Девочка-секретарша устало улыбнулась мне вслед. Хорошо её выдрессировали. Милая девочка, Дана, кажется.

— Меня ждут?

Девочка отвернулась, девочку передёрнуло.

— Д-да. То есть ждали. — Закивала девочка, краснея под румянами.

«Ну что ж, уже неплохо», — подумал я, готовый улыбнуться.

— М-мастера Виррина, — пролепетала девочка. Хуже. — Он не придёт?

— Не могу знать. Господин Од отчитываться не привык, сударыня.

Она сникла, вжалась в спинку стула. К демонам. Чем быстрее начну, быстрее разделаюсь.

Я постучал, три раза кулаком по стеклянной двери. Варварство в чистом виде. Дверь-то у господина полицмейстера витражная, старинная, её ещё граф какой-то у царских мастеров заказывал. Славный, славный город Карильд. Половина старинных особняков разошлась по ведомствам. Девочка опасливо поглядывала в мою сторону. Намекнуть ли, что это ей следовало стучать и объявлять о моем прибытии? И со стульчика не привстала! Ну и чёрт с ней. Не дождавшись ответа, я повернул ручку. Из кабинета дохнуло жаром раскочегаренного камина. Хорошо им, дровишки жгут, а наши лаборатории отапливать, видите ли, экономически не выгодно. Посмотрим, посмотрим, как Кулькин отбрехиваться будет. Я расправил полы мантии, перехватил трость и вошёл неприглашённый:

«Здравствуйте».

Разговор разваливался, скрипел дежурными вежливостями.

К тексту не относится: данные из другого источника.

lemma connected_in_Un:
  assumes A: "connected_in adj A" and B: "connected_in adj B" and AB: "A \<inter> B \<noteq> {}"
  shows "connected_in adj (A \<union> B)"
proof -
  let ?R = "\<lambda>a b. adj a b \<and> a \<in> A \<union> B \<and> b \<in> A \<union> B"
  obtain c where c: "c \<in> A" "c \<in> B" using AB by blast
  have part: "?R\<^sup>*\<^sup>* x y" if "connected_in adj X" "X \<subseteq> A \<union> B" "x \<in> X" "y \<in> X" for X x y
  proof -
    have "(\<lambda>a b. adj a b \<and> a \<in> X \<and> b \<in> X)\<^sup>*\<^sup>* x y"
      using that unfolding connected_graph_def by blast
    then show ?thesis
      by (rule mono_rtranclp[rule_format, rotated]) (use that in blast)
  qed
  have to_c: "?R\<^sup>*\<^sup>* x c \<and> ?R\<^sup>*\<^sup>* c x" if "x \<in> A \<union> B" for x
  proof (cases "x \<in> A")
    case True
    then show ?thesis using part[OF A Un_upper1] c(1) by blast
  next
    case False
    then show ?thesis using part[OF B Un_upper2] c(2) that by blast
  qed
  have "?R\<^sup>*\<^sup>* x y" if "x \<in> A \<union> B" "y \<in> A \<union> B" for x y
    using to_c[OF that(1)] to_c[OF that(2)] by (blast intro: rtranclp_trans)
  then show ?thesis
    unfolding connected_graph_def using c by blast
qed
lemma gdist_U_eqI:
  assumes lip: "\<forall>i\<in>{1..n}. \<forall>(x, y)\<in>U_cell (nxt n) i. f x \<le> f y + 1 \<and> f y \<le> f x + 1"
    and desc: "\<forall>i\<in>{1..n}. \<forall>L. 0 < f (L, i) \<longrightarrow>
                 (\<exists>w\<in>set (U_nbrs (nxt n) (prv n) (L, i)). f w + 1 = f (L, i))"
    and zero: "\<forall>i\<in>{1..n}. \<forall>L. f (L, i) = 0 \<longrightarrow> (L, i) = s"
    and "f s = 0" and "u \<in> U_verts n"
  shows "gdist (U_adj n) u s = f u"
proof (rule gdist_eq_potential[where V = "U_verts n"])
  show "w \<in> U_verts n" if "U_adj n v w" for v w
    using U_adj_in_verts[OF that] .
  show "f v \<le> f w + 1" if "U_adj n v w" for v w
    using that lip unfolding U_adj_iff_cell by fastforce
  show "\<exists>w. U_adj n v w \<and> f w + 1 = f v" if "v \<in> U_verts n" "0 < f v" for v
  proof -
    obtain L i where v: "v = (L, i)" and i: "i \<in> {1..n}"
      using \<open>v \<in> U_verts n\<close> by (auto simp: U_verts_def)
    then obtain w where "w \<in> set (U_nbrs (nxt n) (prv n) (L, i))" "f w + 1 = f v"
      using desc \<open>0 < f v\<close> by blast
    then show ?thesis using U_adj_nbrs[OF i] v by blast
  qed
  show "v = s" if "v \<in> U_verts n" "f v = 0" for v
    using that zero by (auto simp: U_verts_def)
  show "f s = 0" "u \<in> U_verts n" by fact+
qed

text \<open>
  Offsets \<open>0..n-1\<close> of indices from a base index \<open>s\<close>: \<open>rot n s\<close> relabels \<open>U\<^sub>n\<close> so that \<open>s\<close>
  becomes \<open>0\<close> and the successor becomes \<open>succ_mod n\<close>.
\<close>

definition offset :: "nat \<Rightarrow> nat \<Rightarrow> nat \<Rightarrow> nat" where
  "offset n s i = (if s \<le> i then i - s else i + n - s)"

definition rot :: "nat \<Rightarrow> nat \<Rightarrow> vtx \<Rightarrow> vtx" where
  "rot n s u = (fst u, offset n s (snd u))"

definition succ_mod :: "nat \<Rightarrow> nat \<Rightarrow> nat" where
  "succ_mod n t = (if t + 1 = n then 0 else t + 1)"

definition pred_mod :: "nat \<Rightarrow> nat \<Rightarrow> nat" where
  "pred_mod n t = (if t = 0 then n - 1 else t - 1)"

lemma offset_less: "i \<in> {1..n} \<Longrightarrow> s \<in> {1..n} \<Longrightarrow> offset n s i < n"
  by (auto simp: offset_def)

lemma offset_eq_0_iff: "i \<in> {1..n} \<Longrightarrow> s \<in> {1..n} \<Longrightarrow> offset n s i = 0 \<longleftrightarrow> i = s"
  by (auto simp: offset_def)

lemma offset_nxt: "i \<in> {1..n} \<Longrightarrow> s \<in> {1..n} \<Longrightarrow> offset n s (nxt n i) = succ_mod n (offset n s i)"
  by (auto simp: nxt_eq offset_def succ_mod_def)

lemma offset_prv: "i \<in> {1..n} \<Longrightarrow> s \<in> {1..n} \<Longrightarrow> offset n s (prv n i) = pred_mod n (offset n s i)"
  by (auto simp: prv_def offset_def pred_mod_def)

lemma succ_mod_less: "t < n \<Longrightarrow> succ_mod n t < n"
  by (simp add: succ_mod_def)

lemma rot_cell:
  assumes "i \<in> {1..n}" "s \<in> {1..n}" "(x, y) \<in> U_cell (nxt n) i"
  shows "(rot n s x, rot n s y) \<in> U_cell (succ_mod n) (offset n s i)"
  using assms(3) unfolding U_cell_def
  by (elim insertE emptyE) (simp_all add: rot_def offset_nxt[OF assms(1,2)])

lemma rot_nbrs:
  assumes "i \<in> {1..n}" "s \<in> {1..n}"
  shows "map (rot n s) (U_nbrs (nxt n) (prv n) (L, i))
           = U_nbrs (succ_mod n) (pred_mod n) (rot n s (L, i))"
  by (cases L) (simp_all add: U_nbrs_def rot_def offset_nxt[OF assms] offset_prv[OF assms])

«Как ваша работа, господин Всеведущий».

«Хороша. Не жалуюсь».

Они ждали мастера Ода. Явился я.

«Так-так», — полицмейстер долго ёрзал, полируя казенными штанами потрескавшуюся кожу. Кресло тихонько поскрипывало. Так-так.

С тем же успехом можно было послать нам очередную ругательную депешу. Я слышал, как вспорхнула со своего насиженного местечка девочка-секретарша, как вскочила, как припала ухом к двери. Полицмейстер медлил. И этого человека боится мой брат!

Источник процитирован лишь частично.